> **About this task**
For the records below, the count of lines that hold "bool" is required; give only that number.

**** Task input ****

(* Let $u_{\text{lb}},u_{\text{ub}}\in\mathbb{R}^{n_u}$ with $u_{\text{lb}}\le u_{\text{ub}}$ (componentwise) and let $\mathcal{U}=\{u\in\mathbb{R}^{n_u}\mid u_{\text{lb}}\le u\le u_{\text{ub}}\}$. Let $\mathcal{N}(x;\theta)$ be a ReLU network with $L$ hidden layers and parameters $\theta=\{(W_l,b_l)\}_{l=1}^{L+1}$. Define the network $\mathcal{N}_{\text{sat}}(x)\coloneqq\mathcal{N}(x;\theta_{\text{sat}})$ with $L+2$ hidden layers whose parameters $\theta_{\text{sat}}=\{(W_{l,\text{sat}},b_{l,\text{sat}})\}_{l=1}^{L+3}$ are $(W_{l,\text{sat}},b_{l,\text{sat}})=(W_l,b_l)$ for all $l\in\{1,\dots,L\}$, and $W_{L+1,\text{sat}}=-W_{L+1}$, $b_{L+1,\text{sat}}=u_{\text{ub}}-b_{L+1}$; $W_{L+2,\text{sat}}=-I$, $b_{L+2,\text{sat}}=u_{\text{ub}}-u_{\text{lb}}$; $W_{L+3,\text{sat}}=I$, $b_{L+3,\text{sat}}=u_{\text{lb}}$ (here $I$ is the $n_u\times n_u$ identity). Then $u_{\text{lb}}\le\mathcal{N}_{\text{sat}}(x)\le u_{\text{ub}}$ for all $x\in\mathbb{R}^{n_x}$, and for every $x\in\mathbb{R}^{n_x}$ with $u_{\text{lb}}\le\mathcal{N}(x;\theta)\le u_{\text{ub}}$ one has $\mathcal{N}_{\text{sat}}(x)=\mathcal{N}(x;\theta)$.
   Context: A ReLU network with $L\ge 1$ hidden layers, input dimension $n_x$, output dimension $n_u$ and hidden widths $n_1,\dots,n_L$ is the map $\mathcal{N}(x;\theta)=W_{L+1}\xi_L+b_{L+1}$, where $\xi_0=x$ and $\xi_l=\max(0,W_l\xi_{l-1}+b_l)$ (maximum taken elementwise) for $l=1,\dots,L$; here $W_1\in\mathbb{R}^{n_1\times n_x}$, $W_l\in\mathbb{R}^{n_l\times n_{l-1}}$ for $2\le l\le L$, $W_{L+1}\in\mathbb{R}^{n_u\times n_L}$, $b_l\in\mathbb{R}^{n_l}$ for $l\le L$ and $b_{L+1}\in\mathbb{R}^{n_u}$. Inequalities between vectors are componentwise. *)

theory Defs
  imports "Jordan_Normal_Form.Matrix"
begin

text \<open>Vectors and matrices are Jordan_Normal_Form vectors/matrices, so that the
  (layer-dependent) widths are carried by the values.\<close>

type_synonym params = "(real mat \<times> real vec) list"

definition relu :: "real vec \<Rightarrow> real vec" where
  "relu v = map_vec (\<lambda>a. max 0 a) v"

fun hidden :: "params \<Rightarrow> real vec \<Rightarrow> real vec" where
  "hidden [] \<xi> = \<xi>"
| "hidden ((W, b) # ps) \<xi> = hidden ps (relu (W *\<^sub>v \<xi> + b))"

definition net :: "params \<Rightarrow> real vec \<Rightarrow> real vec" where
  "net \<theta> x = (let \<xi> = hidden (butlast \<theta>) x; (W, b) = last \<theta> in W *\<^sub>v \<xi> + b)"

definition valid_net :: "nat \<Rightarrow> nat list \<Rightarrow> nat \<Rightarrow> params \<Rightarrow> bool" where
  "valid_net nx ns nu \<theta> \<longleftrightarrow>
     length ns \<ge> 1 \<and> length \<theta> = length ns + 1 \<and>
     (let ds = nx # ns @ [nu] in
      \<forall>i < length \<theta>. fst (\<theta> ! i) \<in> carrier_mat (ds ! (i+1)) (ds ! i)
                    \<and> snd (\<theta> ! i) \<in> carrier_vec (ds ! (i+1)))"

definition sat_params :: "nat \<Rightarrow> params \<Rightarrow> real vec \<Rightarrow> real vec \<Rightarrow> params" where
  "sat_params nu \<theta> ulb uub =
     butlast \<theta> @
     [(- fst (last \<theta>), uub - snd (last \<theta>)),
      (- 1\<^sub>m nu, uub - ulb),
      (1\<^sub>m nu, ulb)]"

end

(* On each output coordinate the three appended layers map y = N(x; theta) to
   l + max 0 ((u - l) - max 0 (u - y)): the first layer yields max 0 (u - y),
   the second min (u - l) (max 0 (y - l)), and the last adds l back.  This is
   max l (min u y), so N_sat is N clamped to the box [l, u]; the clamp lies in
   the box and fixes every value already inside it. *)
theory Submission
  imports Defs
begin

definition clamp :: "real vec \<Rightarrow> real vec \<Rightarrow> real vec \<Rightarrow> real vec" where
  "clamp l u y = vec (dim_vec y) (\<lambda>i. max (l $ i) (min (u $ i) (y $ i)))"

lemma clamp_between:
  assumes "l \<le> u" and "dim_vec y = dim_vec u"
  shows "l \<le> clamp l u y" and "clamp l u y \<le> u"
  using assms by (auto simp: clamp_def less_eq_vec_def)

lemma clamp_eq_self:
  assumes "l \<le> y" and "y \<le> u"
  shows "clamp l u y = y"
  using assms by (auto simp: clamp_def less_eq_vec_def)

lemma saturation_layers_eq_clamp_real:
  fixes l u y :: real
  shows "max 0 (- max 0 (u - y) + (u - l)) + l = max l (min u y)"
  by auto

lemma saturation_layers_eq_clamp:
  assumes "y \<in> carrier_vec n" and "l \<in> carrier_vec n" and "u \<in> carrier_vec n"
  shows "1\<^sub>m n *\<^sub>v relu (- 1\<^sub>m n *\<^sub>v relu (u - y) + (u - l)) + l = clamp l u y"
proof -
  have "relu (u - y) \<in> carrier_vec n" and "relu (- relu (u - y) + (u - l)) \<in> carrier_vec n"
    using assms by (simp_all add: relu_def)
  then have "1\<^sub>m n *\<^sub>v relu (- 1\<^sub>m n *\<^sub>v relu (u - y) + (u - l)) + l
      = relu (- relu (u - y) + (u - l)) + l"
    by simp
  also have "\<dots> = clamp l u y"
  proof (rule eq_vecI)
    fix i assume "i < dim_vec (clamp l u y)"
    then show "(relu (- relu (u - y) + (u - l)) + l) $ i = clamp l u y $ i"
      using assms by (simp add: relu_def clamp_def saturation_layers_eq_clamp_real)
  qed (use assms in \<open>simp add: relu_def clamp_def\<close>)
  finally show ?thesis .
qed

lemma hidden_append: "hidden (ps @ qs) x = hidden qs (hidden ps x)"
  by (induction ps arbitrary: x) auto

lemma net_snoc: "net (ps @ [(W, b)]) x = W *\<^sub>v hidden ps x + b"
  by (simp add: net_def)

lemma hidden_snoc_dim: "dim_vec (hidden (ps @ [(W, b)]) x) = dim_vec b"
  by (simp add: hidden_append relu_def)

definition params_fit :: "nat list \<Rightarrow> params \<Rightarrow> bool" where
  "params_fit ds \<theta> \<longleftrightarrow> length ds = length \<theta> + 1 \<and>
     (\<forall>i < length \<theta>. fst (\<theta> ! i) \<in> carrier_mat (ds ! (i + 1)) (ds ! i)
                    \<and> snd (\<theta> ! i) \<in> carrier_vec (ds ! (i + 1)))"

lemma valid_net_iff_params_fit:
  "valid_net nx ns nu \<theta> \<longleftrightarrow> ns \<noteq> [] \<and> params_fit (nx # ns @ [nu]) \<theta>"
  by (auto simp: valid_net_def params_fit_def Let_def Suc_le_eq)

lemma params_fit_snoc:
  "params_fit (ds @ [d, d']) (\<theta> @ [(W, b)]) \<longleftrightarrow>
     params_fit (ds @ [d]) \<theta> \<and> W \<in> carrier_mat d' d \<and> b \<in> carrier_vec d'"
proof (cases "length ds = length \<theta>")
  case True
  have dims: "(ds @ [d, d']) ! j = (ds @ [d]) ! j" if "j \<le> length ds" for j
    using that by (cases "j < length ds") (simp_all add: nth_append)
  have layers: "(\<theta> @ [(W, b)]) ! i = \<theta> ! i" if "i < length \<theta>" for i
    using that by (simp add: nth_append)
  have split: "(\<forall>i < Suc (length \<theta>). P i) \<longleftrightarrow> (\<forall>i < length \<theta>. P i) \<and> P (length \<theta>)"
    for P :: "nat \<Rightarrow> bool"
    by (auto simp: less_Suc_eq)
  show ?thesis
    unfolding params_fit_def length_append_singleton split
    using True by (simp add: dims layers nth_append)
next
  case False
  then show ?thesis
    by (simp add: params_fit_def)
qed

lemma valid_net_snocE:
  assumes "valid_net nx ns nu \<theta>"
  obtains ns' m \<theta>' W b where "ns = ns' @ [m]" and "\<theta> = \<theta>' @ [(W, b)]" and "\<theta>' \<noteq> []"
    and "params_fit (nx # ns' @ [m]) \<theta>'" and "W \<in> carrier_mat nu m" and "b \<in> carrier_vec nu"
proof -
  have "ns \<noteq> []" and fit: "params_fit (nx # ns @ [nu]) \<theta>"
    using assms by (simp_all add: valid_net_iff_params_fit)
  then obtain ns' m where ns: "ns = ns' @ [m]"
    by (metis rev_exhaust)
  have "\<theta> \<noteq> []"
    using fit by (auto simp: params_fit_def)
  then obtain \<theta>' W b where \<theta>: "\<theta> = \<theta>' @ [(W, b)]"
    by (metis rev_exhaust surj_pair)
  have "params_fit ((nx # ns') @ [m, nu]) (\<theta>' @ [(W, b)])"
    using fit ns \<theta> by simp
  then have fit': "params_fit (nx # ns' @ [m]) \<theta>'" and "W \<in> carrier_mat nu m" "b \<in> carrier_vec nu"
    unfolding params_fit_snoc by simp_all
  moreover have "\<theta>' \<noteq> []"
    using fit' by (auto simp: params_fit_def)
  ultimately show ?thesis
    using that ns \<theta> by blast
qed

lemma hidden_carrier:
  assumes "params_fit (ds @ [d]) \<theta>" and "\<theta> \<noteq> []"
  shows "hidden \<theta> x \<in> carrier_vec d"
proof -
  obtain \<theta>' W b where \<theta>: "\<theta> = \<theta>' @ [(W, b)]"
    using assms(2) by (metis rev_exhaust surj_pair)
  have "length ds = length \<theta>"
    using assms(1) by (simp add: params_fit_def)
  then obtain ds' d' where "ds = ds' @ [d']"
    using assms(2) by (metis length_0_conv rev_exhaust)
  then have "params_fit (ds' @ [d', d]) (\<theta>' @ [(W, b)])"
    using assms(1) \<theta> by simp
  then have "b \<in> carrier_vec d"
    by (simp add: params_fit_snoc)
  then show ?thesis
    unfolding \<theta> carrier_vec_def by (simp add: hidden_snoc_dim)
qed

lemma valid_net_sat_params:
  assumes "valid_net nx ns nu \<theta>" and "ulb \<in> carrier_vec nu" and "uub \<in> carrier_vec nu"
  shows "valid_net nx (ns @ [nu, nu]) nu (sat_params nu \<theta> ulb uub)"
proof -
  obtain ns' m \<theta>' W b where ns: "ns = ns' @ [m]" and \<theta>: "\<theta> = \<theta>' @ [(W, b)]"
    and "params_fit (nx # ns' @ [m]) \<theta>'" and "W \<in> carrier_mat nu m" and "b \<in> carrier_vec nu"
    using assms(1) by (rule valid_net_snocE)
  then have "params_fit ((nx # ns') @ [m, nu, nu, nu])
      (\<theta>' @ [(- W, uub - b), (- 1\<^sub>m nu, uub - ulb), (1\<^sub>m nu, ulb)])"
    using assms(2,3)
      params_fit_snoc[of "nx # ns' @ [m, nu]" nu nu "\<theta>' @ [(- W, uub - b), (- 1\<^sub>m nu, uub - ulb)]"]
      params_fit_snoc[of "nx # ns' @ [m]" nu nu "\<theta>' @ [(- W, uub - b)]"]
      params_fit_snoc[of "nx # ns'" m nu \<theta>']
    by simp
  then show ?thesis
    by (simp add: valid_net_iff_params_fit sat_params_def ns \<theta>)
qed

lemma net_sat_params:
  assumes "valid_net nx ns nu \<theta>" and "ulb \<in> carrier_vec nu" and "uub \<in> carrier_vec nu"
  shows "net (sat_params nu \<theta> ulb uub) x = clamp ulb uub (net \<theta> x)"
proof -
  obtain ns' m \<theta>' W b where \<theta>: "\<theta> = \<theta>' @ [(W, b)]" and "\<theta>' \<noteq> []"
    and "params_fit (nx # ns' @ [m]) \<theta>'" and W: "W \<in> carrier_mat nu m" and b: "b \<in> carrier_vec nu"
    using assms(1) by (rule valid_net_snocE)
  \<comment> \<open>Negation commutes with \<open>*\<^sub>v\<close> only for vectors of the matching dimension.\<close>
  then have \<xi>: "hidden \<theta>' x \<in> carrier_vec m"
    using hidden_carrier[of "nx # ns'" m \<theta>'] by simp
  have y: "net \<theta> x = W *\<^sub>v hidden \<theta>' x + b"
    unfolding \<theta> by (rule net_snoc)
  have first_layer: "- W *\<^sub>v hidden \<theta>' x + (uub - b) = uub - net \<theta> x"
    unfolding y using W b \<xi> assms(3) by auto
  have "net (sat_params nu \<theta> ulb uub) x
      = 1\<^sub>m nu *\<^sub>v relu (- 1\<^sub>m nu *\<^sub>v relu (- W *\<^sub>v hidden \<theta>' x + (uub - b)) + (uub - ulb)) + ulb"
    by (simp add: sat_params_def \<theta> net_def hidden_append butlast_append)
  also have "\<dots> = clamp ulb uub (net \<theta> x)"
    unfolding first_layer using W b \<xi> assms(2,3) y
    by (intro saturation_layers_eq_clamp) auto
  finally show ?thesis .
qed

theorem proposition1:
  fixes nx nu :: nat and ns :: "nat list" and \<theta> :: params and ulb uub :: "real vec"
  assumes "valid_net nx ns nu \<theta>"
    and "ulb \<in> carrier_vec nu" and "uub \<in> carrier_vec nu"
    and "ulb \<le> uub"
  shows "valid_net nx (ns @ [nu, nu]) nu (sat_params nu \<theta> ulb uub)
    \<and> (\<forall>x \<in> carrier_vec nx.
           ulb \<le> net (sat_params nu \<theta> ulb uub) x \<and> net (sat_params nu \<theta> ulb uub) x \<le> uub)
    \<and> (\<forall>x \<in> carrier_vec nx. ulb \<le> net \<theta> x \<and> net \<theta> x \<le> uub \<longrightarrow>
           net (sat_params nu \<theta> ulb uub) x = net \<theta> x)"
proof -
  have dim: "dim_vec (net \<theta> x) = dim_vec uub" for x
    using assms(1,3) by (elim valid_net_snocE) (simp add: net_snoc)
  have sat: "net (sat_params nu \<theta> ulb uub) x = clamp ulb uub (net \<theta> x)" for x
    using assms(1-3) by (rule net_sat_params)
  show ?thesis
    unfolding sat
    using valid_net_sat_params[OF assms(1-3)] clamp_between[OF assms(4) dim] clamp_eq_self
    by blast
qed

end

****

> **Answer to this task**
3